• [Instructions to follow]
Identify all lines in the data containing the string "thesis". Copy them out.

[Records excerpted from a collection]
- - -

lemma ex_emeasure_less_at_right:
  fixes B :: "real \<Rightarrow> 'a set"
  assumes meas: "\<And>s. t < s \<Longrightarrow> B s \<in> sets M"
    and mono: "\<And>s s'. t < s \<Longrightarrow> s \<le> s' \<Longrightarrow> B s \<subseteq> B s'"
    and fin: "\<And>s. t < s \<Longrightarrow> emeasure M (B s) \<noteq> \<infinity>"
    and empty: "\<And>y. \<exists>s>t. y \<notin> B s"
    and "0 < a"
  shows "\<exists>s>t. emeasure M (B s) < a"
proof -
  define b where "b n = t + inverse (real (Suc n))" for n
  have b: "t < b n" for n
    by (simp add: b_def)
  have "(\<lambda>n. emeasure M (B (b n))) \<longlonglongrightarrow> emeasure M (\<Inter>n. B (b n))"
  proof (rule Lim_emeasure_decseq)
    show "range (\<lambda>n. B (b n)) \<subseteq> sets M" "emeasure M (B (b n)) \<noteq> \<infinity>" for n
      using b meas fin by auto
    have "b (Suc n) \<le> b n" for n
      unfolding b_def by (simp add: le_imp_inverse_le)
    then show "decseq (\<lambda>n. B (b n))"
      by (intro decseq_SucI mono b)
  qed
  moreover have "(\<Inter>n. B (b n)) = {}"
  proof (rule equals0I)
    fix y assume y: "y \<in> (\<Inter>n. B (b n))"
    obtain s where "t < s" "y \<notin> B s"
      using empty by blast
    moreover obtain n where "inverse (real (Suc n)) < s - t"
      using reals_Archimedean[of "s - t"] \<open>t < s\<close> by auto
    then have "B (b n) \<subseteq> B s"
      using b[of n] by (intro mono) (auto simp: b_def)
    ultimately show False
      using y by blast
  qed
  ultimately have "(\<lambda>n. emeasure M (B (b n))) \<longlonglongrightarrow> 0"
    by simp
  then have "eventually (\<lambda>n. emeasure M (B (b n)) < a) sequentially"
    using \<open>0 < a\<close> by (rule order_tendstoD)
  then show ?thesis
    using b unfolding eventually_sequentially by blast
qed

lemma tendsto_emeasure_decreasing_at_right:
  fixes B :: "real \<Rightarrow> 'a set"
  assumes meas: "\<And>s. t < s \<Longrightarrow> B s \<in> sets M"
    and mono: "\<And>s s'. t < s \<Longrightarrow> s \<le> s' \<Longrightarrow> B s \<subseteq> B s'"
    and fin: "\<And>s. t < s \<Longrightarrow> emeasure M (B s) \<noteq> \<infinity>"
    and empty: "\<And>y. \<exists>s>t. y \<notin> B s"
  shows "((\<lambda>s. emeasure M (B s)) \<longlongrightarrow> 0) (at_right t)"
proof (rule order_tendstoI)
  fix a :: ennreal assume "0 < a"
  then obtain s0 where "t < s0" and s0: "emeasure M (B s0) < a"
    using ex_emeasure_less_at_right[OF meas mono fin empty] by blast
  have "emeasure M (B s) < a" if "t < s" "s < s0" for s
  proof -
    have "emeasure M (B s) \<le> emeasure M (B s0)"
      using that by (intro emeasure_mono mono meas) auto
    then show ?thesis
      using s0 by (rule order_le_less_trans)
  qed
  then show "eventually (\<lambda>s. emeasure M (B s) < a) (at_right t)"
    unfolding eventually_at_right_field using \<open>t < s0\<close> by blast
qed simp

lemma tendsto_emeasure_cball_diff_at_right:
  fixes x :: "'a::metric_space"
  assumes borel: "sets M = sets borel" and finite: "\<And>r. emeasure M (cball x r) < \<infinity>"
  shows "((\<lambda>s. emeasure M (cball x s - cball x t)) \<longlongrightarrow> 0) (at_right t)"
proof (rule tendsto_emeasure_decreasing_at_right)
  show "cball x s - cball x t \<in> sets M" for s
    by (intro sets.Diff) (simp_all add: borel)
  have "emeasure M (cball x s - cball x t) \<le> emeasure M (cball x s)" for s
    by (rule emeasure_mono) (auto simp: borel)
  then have "emeasure M (cball x s - cball x t) < \<infinity>" for s
    using finite by (rule order_le_less_trans)
  then show "emeasure M (cball x s - cball x t) \<noteq> \<infinity>" for s
    by (simp add: less_top)
  show "\<exists>s>t. y \<notin> cball x s - cball x t" for y
  proof (cases "dist x y \<le> t")
    case True
    then show ?thesis by (intro exI[of _ "t + 1"]) auto
  next
    case False
    then show ?thesis by (intro exI[of _ "(t + dist x y) / 2"]) auto
  qed
qed auto

lemma tendsto_emeasure_ball_diff_cball_at_left:
  fixes x :: "'a::metric_space"
  assumes borel: "sets M = sets borel" and finite: "\<And>r. emeasure M (cball x r) < \<infinity>"
  shows "((\<lambda>s. emeasure M (ball x r - cball x s)) \<longlongrightarrow> 0) (at_left r)"
  unfolding filterlim_at_left_to_right
proof (rule tendsto_emeasure_decreasing_at_right[where B = "\<lambda>s. ball x r - cball x (- s)"])
  show "ball x r - cball x (- s) \<in> sets M" for s
    by (intro sets.Diff) (simp_all add: borel)
  have "emeasure M (ball x r - cball x (- s)) \<le> emeasure M (cball x r)" for s
    by (rule emeasure_mono) (auto simp: borel)
  then have "emeasure M (ball x r - cball x (- s)) < \<infinity>" for s
    using finite by (rule order_le_less_trans)
  then show "emeasure M (ball x r - cball x (- s)) \<noteq> \<infinity>" for s
    by (simp add: less_top)
  show "\<exists>s>- r. y \<notin> ball x r - cball x (- s)" for y
  proof (cases "dist x y < r")
    case True
    then show ?thesis by (intro exI[of _ "- dist x y"]) auto
  next
    case False
    then show ?thesis by (intro exI[of _ "1 - r"]) auto
  qed
qed auto

lemma tendsto_prokhorov_dist_restrict_cball_at_right:
  fixes x :: "'a::metric_space"
  assumes borel: "sets M = sets borel" and proper: "\<And>y::'a. \<And>r. compact (cball y r)"
    and finite: "\<And>r. emeasure M (cball x r) < \<infinity>"
  shows "((\<lambda>s. prokhorov_dist (restrict_meas M (cball x s)) (restrict_meas M (cball x t))) \<longlongrightarrow> 0)
    (at_right t)"
proof (rule tendsto_prokhorov_dist_zero)
  fix e :: real assume "0 < e"
  have "eventually (\<lambda>s. emeasure M (cball x s - cball x t) < ennreal e) (at_right t)"
    using tendsto_emeasure_cball_diff_at_right[OF borel finite] \<open>0 < e\<close> by (intro order_tendstoD) auto
  moreover have "eventually (\<lambda>s. t < s) (at_right t)"
    by (rule eventually_at_right_less)
  ultimately show "eventually (\<lambda>s. prokhorov_close (restrict_meas M (cball x s)) (restrict_meas M (cball x t)) e)
    (at_right t)"
  proof eventually_elim
    case (elim s)
    then show ?case
      using \<open>0 < e\<close> closed_thick[OF proper]
      by (intro prokhorov_close_restrict_meas[OF borel]) (auto simp: borel)
  qed
qed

- - -

• [Reply]
  then show ?thesis
    then show ?thesis
    then show ?thesis by (intro exI[of _ "t + 1"]) auto
    then show ?thesis by (intro exI[of _ "(t + dist x y) / 2"]) auto
    then show ?thesis by (intro exI[of _ "- dist x y"]) auto
    then show ?thesis by (intro exI[of _ "1 - r"]) auto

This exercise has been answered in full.